Composing a message to the Ambassador of Lsel and sending it to herself was fairly trivial. Mahit wrote, drawing glyphs in the air with her finger on the cloudhook’s projected screen that only she could see: Twelve Azalea should return to the morgue and retrieve the machine we discussed. Then she lifted Three Seagrass’s cloudhook off her head, blinking at the restoration of the other side of her vision, and gave it back.
After she had read the message, Three Seagrass asked, “Do you want that for yourself?”
“No,” said Mahit. “I have one, and besides, that one isn’t useful anymore—it’s recording decay and nothing else.”
“Could it record something else?”
Mahit thought about it. “If it was correctly installed, maybe? I’m not sure. I really am not an ixplanatl, Three Seagrass.”
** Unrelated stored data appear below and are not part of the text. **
lemma hamiltonian_eq_pauli_lincomb: "hamiltonian n lam = pauli_lincomb n (\<lambda>P. complex_of_real (lam P))"
  by (simp add: hamiltonian_def pauli_lincomb_def)

lemma dim_pauli_lincomb [simp]: "dim_row (pauli_lincomb n c) = 2^n" "dim_col (pauli_lincomb n c) = 2^n"
  by (simp_all add: pauli_lincomb_def msum_def)

lemma index_pauli_lincomb:
  "r < 2^n \<Longrightarrow> s < 2^n \<Longrightarrow>
   pauli_lincomb n c $$ (r, s) = (\<Sum>X\<in>paulis n. c X * pauli_mat n X $$ (r, s))"
  by (simp add: pauli_lincomb_def msum_def)

lemma pauli_lincomb_cong:
  "(\<And>X. X \<in> paulis n \<Longrightarrow> a X = b X) \<Longrightarrow> pauli_lincomb n a = pauli_lincomb n b"
  by (simp add: pauli_lincomb_def msum_def cong: sum.cong)

lemma mtrace_mult_pauli_lincomb:
  assumes "dim_row A = 2^n" "dim_col A = 2^n"
  shows "mtrace (A * pauli_lincomb n c) = (\<Sum>Y\<in>paulis n. c Y * mtrace (A * pauli_mat n Y))"
proof -
  have "mtrace (A * pauli_lincomb n c)
      = (\<Sum>r<2^n. \<Sum>s<2^n. \<Sum>Y\<in>paulis n. c Y * (A $$ (r, s) * pauli_mat n Y $$ (s, r)))"
    using assms by (simp add: mtrace_mult index_pauli_lincomb sum_distrib_left mult_ac)
  also have "\<dots> = (\<Sum>Y\<in>paulis n. c Y * (\<Sum>r<2^n. \<Sum>s<2^n. A $$ (r, s) * pauli_mat n Y $$ (s, r)))"
    by (simp add: sum_distrib_left sum.swap[of _ "paulis n"])
  also have "\<dots> = (\<Sum>Y\<in>paulis n. c Y * mtrace (A * pauli_mat n Y))"
    using assms by (simp add: mtrace_mult)
  finally show ?thesis .
qed

lemma mtrace_pauli_mat_mult_pauli_lincomb:
  assumes "X \<in> paulis n"
  shows "mtrace (pauli_mat n X * pauli_lincomb n c) = 2^n * c X"
proof -
  have "mtrace (pauli_mat n X * pauli_lincomb n c) = (\<Sum>Y\<in>paulis n. if Y = X then 2^n * c X else 0)"
    using assms by (auto simp: mtrace_mult_pauli_lincomb mtrace_pauli_mat_mult intro: sum.cong)
  then show ?thesis
    using assms finite_paulis by simp
qed

lemma pcoeff_pauli_lincomb: "X \<in> paulis n \<Longrightarrow> pcoeff n (pauli_lincomb n c) X = c X"
  by (simp add: pcoeff_def mtrace_pauli_mat_mult_pauli_lincomb)

lemma cnj_index_pauli_lincomb:
  "r < 2^n \<Longrightarrow> s < 2^n \<Longrightarrow>
   cnj (pauli_lincomb n c $$ (r, s)) = pauli_lincomb n (\<lambda>X. cnj (c X)) $$ (s, r)"
  by (simp add: index_pauli_lincomb index_pauli_mat cnj_sum cnj_prod cnj_pauli_entry)

lemma frob_pauli_lincomb: "frob (pauli_lincomb n c) = sqrt (2^n * (\<Sum>X\<in>paulis n. (cmod (c X))\<^sup>2))"
proof -
  let ?M = "pauli_lincomb n c" and ?M' = "pauli_lincomb n (\<lambda>X. cnj (c X))"
  have "complex_of_real (\<Sum>r<2^n. \<Sum>s<2^n. (cmod (?M $$ (r, s)))\<^sup>2)
      = (\<Sum>r<2^n. \<Sum>s<2^n. ?M $$ (r, s) * ?M' $$ (s, r))"
    unfolding of_real_sum complex_norm_square by (intro sum.cong refl) (simp add: cnj_index_pauli_lincomb)
  also have "\<dots> = mtrace (?M * ?M')"
    by (simp add: mtrace_mult)
  also have "\<dots> = (\<Sum>Y\<in>paulis n. cnj (c Y) * mtrace (pauli_mat n Y * ?M))"
    by (simp add: mtrace_mult_pauli_lincomb mtrace_mult_commute[of ?M])
  also have "\<dots> = (\<Sum>Y\<in>paulis n. cnj (c Y) * (2^n * c Y))"
    by (intro sum.cong refl) (simp add: mtrace_pauli_mat_mult_pauli_lincomb)
  also have "\<dots> = complex_of_real (2^n * (\<Sum>X\<in>paulis n. (cmod (c X))\<^sup>2))"
    unfolding of_real_mult of_real_sum complex_norm_square by (simp add: sum_distrib_left mult_ac)
  finally show ?thesis
    by (simp only: of_real_eq_iff frob_def dim_pauli_lincomb)
qed

lemma pauli_lincomb_mult:
  "pauli_lincomb n a * pauli_lincomb n b
   = pauli_lincomb n (\<lambda>X. \<Sum>P\<in>paulis n. a P * b (pstring_mult P X) * pstring_phase n P (pstring_mult P X))"
  (is "_ = ?R")
proof (rule eq_matI)
  fix r t assume "r < dim_row ?R" "t < dim_col ?R"
  then have r: "r < 2^n" and t: "t < 2^n" by simp_all
  have "(pauli_lincomb n a * pauli_lincomb n b) $$ (r, t)
      = (\<Sum>s<2^n. \<Sum>P\<in>paulis n. \<Sum>Q\<in>paulis n. a P * b Q * (pauli_mat n P $$ (r, s) * pauli_mat n Q $$ (s, t)))"
    using r t by (simp add: index_mult_mat_sum index_pauli_lincomb sum_product mult_ac del: index_mult_mat(1))
  also have "\<dots> = (\<Sum>P\<in>paulis n. \<Sum>Q\<in>paulis n. a P * b Q * (pauli_mat n P * pauli_mat n Q) $$ (r, t))"
    using r t by (simp add: index_mult_mat_sum sum_distrib_left sum.swap[of _ "{..<2^n}"] del: index_mult_mat(1))
  also have "\<dots> = (\<Sum>P\<in>paulis n. \<Sum>Q\<in>paulis n.
                        a P * b Q * pstring_phase n P Q * pauli_mat n (pstring_mult P Q) $$ (r, t))"
    using r t by (simp add: pauli_mat_mult mult_ac)
  also have "\<dots> = (\<Sum>P\<in>paulis n. \<Sum>X\<in>paulis n.
                        a P * b (pstring_mult P X) * pstring_phase n P (pstring_mult P X) * pauli_mat n X $$ (r, t))"
    by (rule sum.cong[OF refl]) (subst sum_paulis_reindex_mult, assumption, simp)
  also have "\<dots> = ?R $$ (r, t)"
    using r t by (simp add: index_pauli_lincomb sum_distrib_right) (rule sum.swap)
  finally show "(pauli_lincomb n a * pauli_lincomb n b) $$ (r, t) = \<dots>" .
qed simp_all

lemma pauli_lincomb_diff: "pauli_lincomb n a - pauli_lincomb n b = pauli_lincomb n (\<lambda>X. a X - b X)"
  by (rule eq_matI) (simp_all add: index_pauli_lincomb sum_subtractf algebra_simps)

lemma commutator_pauli_lincomb:
  "commutator (pauli_lincomb n a) (pauli_lincomb n b)
   = pauli_lincomb n (\<lambda>X. \<Sum>P\<in>paulis n. a P * b (pstring_mult P X)
       * (pstring_phase n P (pstring_mult P X) - pstring_phase n (pstring_mult P X) P))"
proof -
  have "(\<Sum>P\<in>paulis n. b P * a (pstring_mult P X) * pstring_phase n P (pstring_mult P X))
      = (\<Sum>P\<in>paulis n. a P * b (pstring_mult P X) * pstring_phase n (pstring_mult P X) P)"
    if "X \<in> paulis n" for X
  proof -
    have "(\<Sum>P\<in>paulis n. b P * a (pstring_mult P X) * pstring_phase n P (pstring_mult P X))
        = (\<Sum>P\<in>paulis n. b (pstring_mult X P) * a (pstring_mult (pstring_mult X P) X)
            * pstring_phase n (pstring_mult X P) (pstring_mult (pstring_mult X P) X))"
      by (rule sum_paulis_reindex_mult[OF that])
    then show ?thesis
      by (simp add: pstring_mult_commute[of X] mult_ac)
  qed
  then show ?thesis
    unfolding commutator_def pauli_lincomb_mult pauli_lincomb_diff
    by (intro pauli_lincomb_cong) (simp add: sum_subtractf algebra_simps)
qed
section \<open>Rank-one reduction of a positive semidefinite matrix\<close>

lemma psd_cauchy_schwarz:
  assumes W: "psd W"
  shows "(cmod (sesq W x y))^2 \<le> Re (herm_form W x) * Re (herm_form W y)"
proof -
  define p where "p = Re (herm_form W x)"
  define q where "q = Re (herm_form W y)"
  define r where "r = sesq W x y"
  have "hermitian W" "0 \<le> q"
    using W by (simp_all add: psd_def q_def)
  have key: "0 \<le> p + 2 * t * (cmod r)^2 + t^2 * (cmod r)^2 * q" for t
  proof -
    let ?l = "of_real t * cnj r"
    have "0 \<le> Re (herm_form W (x + ?l *s y))"
      using W by (simp add: psd_def)
    also have "\<dots> = p + (cmod ?l)^2 * q + 2 * Re (?l * r)"
      using herm_form_add[OF \<open>hermitian W\<close>, of x "?l *s y"]
      by (simp add: herm_form_scale sesq_scale_right p_def q_def r_def)
    also have "(cmod ?l)^2 = t^2 * (cmod r)^2"
      by (simp add: norm_mult power_mult_distrib)
    also have "Re (?l * r) = t * (cmod r)^2"
      by (simp add: cmod_power2 algebra_simps) (simp add: power2_eq_square)
    finally show ?thesis
      by linarith
  qed
  show ?thesis
  proof (cases "q = 0")
    case True
    have "0 \<le> p + 2 * (- (p + 1) / (2 * (cmod r)^2)) * (cmod r)^2"
      using key[of "- (p + 1) / (2 * (cmod r)^2)"] True by simp
    then have "r = 0"
      by (cases "r = 0") (simp_all add: field_simps)
    then show ?thesis
      using W by (simp add: r_def psd_def)
  next
    case False
    with \<open>0 \<le> q\<close> have "0 < q"
      by simp
    have "0 \<le> p + 2 * (- 1 / q) * (cmod r)^2 + (- 1 / q)^2 * (cmod r)^2 * q"
      by (rule key)
    with \<open>0 < q\<close> have "(cmod r)^2 \<le> p * q"
      by (simp add: field_simps power2_eq_square)
    then show ?thesis
      by (simp add: p_def q_def r_def)
  qed
qed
“Mm. Well, Twelve Azalea will do it, I’m sure, and he’ll even keep quiet about it, but—” She shrugged.
“But what?”
“You’ll owe him a favor. And he’ll probably take it apart and make schematic drawings. He’ll tell you it’s out of his own curiosity, and he won’t even lie. Him being curious is how we used to get into half of the trouble we got into.”
“How,” Mahit asked, amused despite herself, “did you get into the other half?”
“I make friends with terribly interesting people with terribly complicated problems.”
“So nothing has changed,” Mahit said, feeling on the verge of laughter; feeling again the absolute danger of thinking Three Seagrass was her friend like a Stationer could be her friend.
“I did say you were my first barbarian. So, a little change.”
Like that. That unbridgeable gap. Maybe if Mahit hadn’t been the ambassador, if she’d met her at an oration contest, in some other life where Mahit had never taken up Yskandr’s imago-line but had won a travel visa and a scholarship—maybe in that life she could have argued. Told Three Seagrass more of the truth of what she felt.